The faint sound of a child mumbling while dropping a wooden stick is accompanied by the voice of a familiar woman. The chair underneath me is firm and tough, made of leather. The grey light from the clouds outside creeps into the living room, and the white walls soften the shadows that the plants and blinds produce. Sleek and Nordic, my Canadian mind finds a difficult time understanding and appreciating the seemingly simple, yet intentional elegant design of this European living room. The refrigerator gives a low, continuous hum. Though quiet, I can feel the hum in the depths of my head, pressing up against my skull.
(a street in the old town of tallinn
My legs and back are not used to the space I have. Two months of living in a van have changed my posture. I feel almost agoraphobic. But I can sense in my groggy bones that the surroundings are not the main contributors to my unsettled gut. This place is familiar. I’ve been here before. But the previous time was a clearly defined finite period.
My mind is torn between two ideas. One is that I have embarked on a great new adventure in which the world of possibilities are endless, and the exploration of a brand new world is imminent. The other is that I am merely an accompaniment, that this choice was made with the best interest of another. But the choice has been made. For better or for worse, the Baltic Sea is nearby, and the majority of the structures in the old town were built hundreds of years before Canada was declared a country.
(buildings in the kalamaja neighbourhood of tallinn)
My hosts have made extra effort to provide comfort. I realize that all feelings of uneasiness come from within. The neglected list of tasks at hand has reared its ugly head, and it’s time to start checking them off.
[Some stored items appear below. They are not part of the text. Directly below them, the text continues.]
(* Consider the parallel service system with $\lambda<\sum_{n=1}^N\mu_n$ under the softmax WSQ policy with sufficiently small temperature $\iota>0$. Then for every $w\in\mathbb{R}^N_{>0}$, the Markov chain of queue lengths induced by $\pi_w$ is irreducible, ergodic and positive Harris recurrent.
   Context: Parallel service system: $N$ parallel queues with state $x\in\mathbb{Z}^N_{\ge0}$ (queue lengths), Poisson arrivals at rate $\lambda>0$, exponential service rates $\mu_n>0$ at server $n$; an arriving job joins queue $a$ with probability $\pi_w(a\mid x)$. This gives a Markov chain with transitions $x\to x+e_a$ at rate $\lambda\pi_w(a\mid x)$ and $x\to x-e_n$ at rate $\mu_n\mathbb{I}_{\{x_n\ge1\}}$ (equivalently its embedded jump chain $x[k]$, the state after the $k$-th transition). Softmax WSQ policy with weights $w\in\mathbb{R}^N_{>0}$ and temperature $\iota>0$: $\pi_w(a\mid x)=\exp(-w_a(2x_a+1)/\iota)/\sum_{b=1}^N\exp(-w_b(2x_b+1)/\iota)$. *)

theory Defs
  imports "HOL-Probability.Probability"
begin

fun nstep :: "('s \<Rightarrow> 's pmf) \<Rightarrow> nat \<Rightarrow> 's \<Rightarrow> 's pmf" where
  "nstep K 0 x = return_pmf x"
| "nstep K (Suc n) x = bind_pmf (nstep K n x) K"

text \<open>First-passage probabilities: fpass K n x y = P_x(first visit to y at time n+1).\<close>
fun fpass :: "('s \<Rightarrow> 's pmf) \<Rightarrow> nat \<Rightarrow> 's \<Rightarrow> 's \<Rightarrow> real" where
  "fpass K 0 x y = pmf (K x) y"
| "fpass K (Suc n) x y =
     measure_pmf.expectation (K x) (\<lambda>z. if z = y then 0 else fpass K n z y)"

text \<open>P_x(tau_y < infinity), with tau_y = inf {n >= 1. X_n = y}.\<close>
definition hit_prob :: "('s \<Rightarrow> 's pmf) \<Rightarrow> 's \<Rightarrow> 's \<Rightarrow> real" where
  "hit_prob K x y = (\<Sum>n. fpass K n x y)"

definition mc_irreducible :: "('s \<Rightarrow> 's pmf) \<Rightarrow> bool" where
  "mc_irreducible K \<longleftrightarrow> (\<forall>x y. \<exists>n. pmf (nstep K n x) y > 0)"

definition mc_stationary :: "('s \<Rightarrow> 's pmf) \<Rightarrow> 's pmf \<Rightarrow> bool" where
  "mc_stationary K p \<longleftrightarrow> bind_pmf p K = p"

definition mc_ergodic :: "('s \<Rightarrow> 's pmf) \<Rightarrow> bool" where
  "mc_ergodic K \<longleftrightarrow> (\<exists>p. mc_stationary K p \<and> (\<forall>q. mc_stationary K q \<longrightarrow> q = p) \<and>
      (\<forall>x y. (\<lambda>n. (\<Sum>k<n. pmf (nstep K k x) y) / real n) \<longlonglongrightarrow> pmf p y))"

text \<open>Harris recurrence on a countable space (irreducibility measure = counting
  measure): irreducible and every state is reached with probability one from
  every initial state.\<close>
definition mc_harris_recurrent :: "('s \<Rightarrow> 's pmf) \<Rightarrow> bool" where
  "mc_harris_recurrent K \<longleftrightarrow> mc_irreducible K \<and> (\<forall>x y. hit_prob K x y = 1)"

definition mc_positive_harris :: "('s \<Rightarrow> 's pmf) \<Rightarrow> bool" where
  "mc_positive_harris K \<longleftrightarrow> mc_harris_recurrent K \<and> (\<exists>p. mc_stationary K p)"

text \<open>Servers are indexed by a finite type 'n (N = CARD('n)); states are
  queue-length vectors 'n => nat.\<close>

definition softmax_wsq ::
  "('n::finite \<Rightarrow> real) \<Rightarrow> real \<Rightarrow> ('n \<Rightarrow> nat) \<Rightarrow> 'n \<Rightarrow> real" where
  "softmax_wsq w \<iota> x a =
     exp (- w a * (2 * real (x a) + 1) / \<iota>) /
     (\<Sum>b\<in>UNIV. exp (- w b * (2 * real (x b) + 1) / \<iota>))"

definition qs_rate ::
  "real \<Rightarrow> ('n::finite \<Rightarrow> real) \<Rightarrow> ('n \<Rightarrow> real) \<Rightarrow> real \<Rightarrow> ('n \<Rightarrow> nat) \<Rightarrow> ('n \<Rightarrow> nat) \<Rightarrow> real" where
  "qs_rate lam mu w \<iota> x y =
     (\<Sum>a\<in>UNIV. if y = x(a := x a + 1) then lam * softmax_wsq w \<iota> x a else 0)
   + (\<Sum>n\<in>UNIV. if 1 \<le> x n \<and> y = x(n := x n - 1) then mu n else 0)"

definition qs_total_rate ::
  "real \<Rightarrow> ('n::finite \<Rightarrow> real) \<Rightarrow> ('n \<Rightarrow> nat) \<Rightarrow> real" where
  "qs_total_rate lam mu x = lam + (\<Sum>n\<in>UNIV. if 1 \<le> x n then mu n else 0)"

text \<open>Embedded jump chain x[k] of the queue-length process.\<close>
definition qs_jump_kernel ::
  "real \<Rightarrow> ('n::finite \<Rightarrow> real) \<Rightarrow> ('n \<Rightarrow> real) \<Rightarrow> real \<Rightarrow> ('n \<Rightarrow> nat) \<Rightarrow> ('n \<Rightarrow> nat) pmf" where
  "qs_jump_kernel lam mu w \<iota> x =
     embed_pmf (\<lambda>y. qs_rate lam mu w \<iota> x y / qs_total_rate lam mu x)"

end

theory Submission
  imports Defs
begin

text \<open>A Foster--Lyapunov argument. For a kernel with finite supports, a function \<open>V \<ge> 0\<close> with
  \<open>E\<^sub>x V(X\<^sub>1) \<le> V x - f x + b\<close> and finite sublevel sets of \<open>f\<close> forces the chain to return to the
  finite set \<open>{f < b + 1}\<close> almost surely; combined with irreducibility this gives recurrence
  of every state. The last-exit decomposition turns the Cesaro averages of \<open>P\<^sup>n(x, y)\<close> into
  the reciprocal of the mean return time to \<open>y\<close>; the drift makes these limits tight, so they form
  a probability distribution, which is then the unique stationary one.

  For the queueing chain take \<open>V x = \<Sum>\<^sub>a w\<^sub>a x\<^sub>a\<^sup>2\<close>. Softmax routing costs at most \<open>N\<iota>\<close> more
  than joining any fixed queue, hence at most \<open>\<lambda>/\<Sum>\<mu>\<close> times the expected decrease from service,
  up to constants; so \<open>\<lambda> < \<Sum>\<mu>\<close> yields a drift \<open>f\<close> proportional to \<open>\<Sum>\<^sub>n \<mu>\<^sub>n w\<^sub>n x\<^sub>n\<close>, for every
  temperature.\<close>

section \<open>Markov chains with finitely supported kernels\<close>

lemma nstep_Suc_left: "nstep K (Suc n) x = K x \<bind> nstep K n"
proof (induction n arbitrary: x)
  case 0
  show ?case by (simp add: bind_return_pmf bind_return_pmf')
next
  case (Suc n)
  have "nstep K (Suc (Suc n)) x = nstep K (Suc n) x \<bind> K" by simp
  also have "\<dots> = (K x \<bind> nstep K n) \<bind> K" by (simp only: Suc)
  also have "\<dots> = K x \<bind> (\<lambda>z. nstep K n z \<bind> K)" by (simp only: bind_assoc_pmf)
  finally show ?case by (simp only: nstep.simps)
qed

lemma pmf_nstep_0: "pmf (nstep K 0 x) y = (if x = y then 1 else 0)"
  by (simp add: pmf_return)

lemma bind_nstep_stationary:
  assumes "mc_stationary K q"
  shows "q \<bind> nstep K n = q"
proof (induction n)
  case 0
  show ?case by (simp add: bind_return_pmf')
next
  case (Suc n)
  have "nstep K (Suc n) = (\<lambda>x. nstep K n x \<bind> K)" by auto
  then have "q \<bind> nstep K (Suc n) = (q \<bind> nstep K n) \<bind> K"
    by (simp only: bind_assoc_pmf)
  also have "\<dots> = q" using Suc assms by (simp only: mc_stationary_def)
  finally show ?case .
qed

lemma cesaro_tendsto_0:
  fixes a :: "nat \<Rightarrow> real"
  assumes "a \<longlonglongrightarrow> 0"
  shows "(\<lambda>N. (\<Sum>n<N. a n) / real N) \<longlonglongrightarrow> 0"
proof -
  have abs_mean: "(\<lambda>N. (\<Sum>n<N. \<bar>a n\<bar>) / real N) \<longlonglongrightarrow> 0"
  proof (rule order_tendstoI)
    fix e :: real assume "e < 0"
    then show "\<forall>\<^sub>F N in sequentially. e < (\<Sum>n<N. \<bar>a n\<bar>) / real N"
      by (intro always_eventually allI less_le_trans[OF _ divide_nonneg_nonneg]) auto
  next
    fix e :: real assume e: "0 < e"
    have "(\<lambda>n. \<bar>a n\<bar>) \<longlonglongrightarrow> 0"
      using assms by (simp add: tendsto_rabs_zero_iff)
    then have "\<forall>\<^sub>F n in sequentially. \<bar>a n\<bar> < e / 2"
      using e by (intro order_tendstoD) auto
    then obtain N0 where N0: "\<And>n. n \<ge> N0 \<Longrightarrow> \<bar>a n\<bar> < e / 2"
      by (auto simp: eventually_sequentially)
    define S0 where "S0 = (\<Sum>n<N0. \<bar>a n\<bar>)"
    have "(\<lambda>N. S0 / real N) \<longlonglongrightarrow> 0"
      by (intro tendsto_divide_0[OF tendsto_const] filterlim_at_top_imp_at_infinity
          filterlim_real_sequentially)
    then have "\<forall>\<^sub>F N in sequentially. S0 / real N < e / 2"
      using e by (intro order_tendstoD) auto
    moreover have "\<forall>\<^sub>F N in sequentially. N0 \<le> N \<and> 0 < N"
      by (auto simp: eventually_sequentially intro: exI[of _ "Suc N0"])
    ultimately show "\<forall>\<^sub>F N in sequentially. (\<Sum>n<N. \<bar>a n\<bar>) / real N < e"
    proof eventually_elim
      case (elim N)
      have "(\<Sum>n<N. \<bar>a n\<bar>) = S0 + (\<Sum>n\<in>{N0..<N}. \<bar>a n\<bar>)"
        unfolding S0_def using elim by (simp add: lessThan_atLeast0 sum.atLeastLessThan_concat)
      also have "(\<Sum>n\<in>{N0..<N}. \<bar>a n\<bar>) \<le> of_nat (card {N0..<N}) * (e / 2)"
        by (rule sum_bounded_above) (meson N0 atLeastLessThan_iff less_imp_le)
      also have "\<dots> \<le> real N * (e / 2)"
        using e by (intro mult_right_mono) auto
      finally have "(\<Sum>n<N. \<bar>a n\<bar>) / real N \<le> S0 / real N + e / 2"
        using elim by (simp add: field_simps)
      then show ?case using elim by linarith
    qed
  qed
  have "\<bar>(\<Sum>n<N. a n) / real N\<bar> \<le> (\<Sum>n<N. \<bar>a n\<bar>) / real N" for N
    unfolding abs_divide abs_of_nat by (intro divide_right_mono sum_abs) simp
  then have "(\<lambda>N. \<bar>(\<Sum>n<N. a n) / real N\<bar>) \<longlonglongrightarrow> 0"
    by (intro tendsto_sandwich[OF _ _ tendsto_const abs_mean]) auto
  then show ?thesis
    by (simp only: tendsto_rabs_zero_iff)
qed

lemma sum_convolution_lessThan:
  fixes a c :: "nat \<Rightarrow> real"
  shows "(\<Sum>n<N. \<Sum>k\<le>n. a k * c (n - k)) = (\<Sum>k<N. a k * (\<Sum>j<N - k. c j))"
proof (induction N)
  case (Suc N)
  have "(\<Sum>k<Suc N. a k * (\<Sum>j<Suc N - k. c j)) =
        (\<Sum>k<Suc N. a k * (\<Sum>j<N - k. c j) + a k * c (N - k))"
    by (rule sum.cong) (auto simp: Suc_diff_le distrib_left)
  also have "\<dots> = (\<Sum>k<Suc N. a k * (\<Sum>j<N - k. c j)) + (\<Sum>k<Suc N. a k * c (N - k))"
    by (rule sum.distrib)
  also have "(\<Sum>k<Suc N. a k * (\<Sum>j<N - k. c j)) = (\<Sum>k<N. a k * (\<Sum>j<N - k. c j))"
    by simp
  also have "(\<Sum>k<Suc N. a k * c (N - k)) = (\<Sum>k\<le>N. a k * c (N - k))"
    by (simp only: lessThan_Suc_atMost)
  finally show ?case using Suc by simp
qed simp

locale finite_support_kernel =
  fixes K :: "'s \<Rightarrow> 's pmf"
  assumes finite_support: "finite (set_pmf (K x))"
begin

definition expect :: "'s \<Rightarrow> ('s \<Rightarrow> real) \<Rightarrow> real" where
  "expect x g = (\<Sum>z\<in>set_pmf (K x). pmf (K x) z * g z)"

lemma expect_cong: "(\<And>z. z \<in> set_pmf (K x) \<Longrightarrow> g z = h z) \<Longrightarrow> expect x g = expect x h"
  unfolding expect_def by (auto intro!: sum.cong)

lemma expect_mono: "(\<And>z. z \<in> set_pmf (K x) \<Longrightarrow> g z \<le> h z) \<Longrightarrow> expect x g \<le> expect x h"
  unfolding expect_def by (auto intro!: sum_mono mult_left_mono)

lemma expect_nonneg: "(\<And>z. z \<in> set_pmf (K x) \<Longrightarrow> 0 \<le> g z) \<Longrightarrow> 0 \<le> expect x g"
  unfolding expect_def by (auto intro!: sum_nonneg)

lemma expect_add: "expect x (\<lambda>z. g z + h z) = expect x g + expect x h"
  unfolding expect_def by (simp add: distrib_left sum.distrib)

lemma expect_diff: "expect x (\<lambda>z. g z - h z) = expect x g - expect x h"
  unfolding expect_def by (simp add: right_diff_distrib sum_subtractf)

lemma expect_cmult: "expect x (\<lambda>z. c * g z) = c * expect x g"
  unfolding expect_def by (simp add: sum_distrib_left algebra_simps)

lemma expect_const: "expect x (\<lambda>z. c) = c"
  unfolding expect_def by (simp add: sum_distrib_right[symmetric] sum_pmf_eq_1 finite_support)

lemma expect_sum: "expect x (\<lambda>z. \<Sum>i\<in>I. g i z) = (\<Sum>i\<in>I. expect x (g i))"
  unfolding expect_def by (simp add: sum_distrib_left sum.swap[of _ I])

lemma expect_indicator: "expect x (\<lambda>z. if z = y then 1 else 0) = pmf (K x) y"
  unfolding expect_def using finite_support[of x]
  by (auto simp: set_pmf_iff if_distrib cong: if_cong)

lemma pmf_mult_le_expect:
  "(\<And>z. z \<in> set_pmf (K x) \<Longrightarrow> 0 \<le> g z) \<Longrightarrow> z \<in> set_pmf (K x) \<Longrightarrow> pmf (K x) z * g z \<le> expect x g"
  unfolding expect_def by (rule member_le_sum) (auto simp: finite_support)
Find a job. Look at places to rent. Get an International Driver’s License.
This new life comes with adjustments. New names of streets written with different letters. New neighborhood with neighbors who have no connection with you.
Sometimes it makes me want to run.
But as the visa application gets processed and I learn how the bus system works, things start to thaw in my mind.
I’ve been in this situation before, and it didn’t take long to acclimate. It’s always scary in the beginning, but similarities and familiarity will inevitably replace differences.
Over time, the unfamiliar will become normal. I look forward to the day when this will be yet another place that I call home. Estonia will be another familiar place.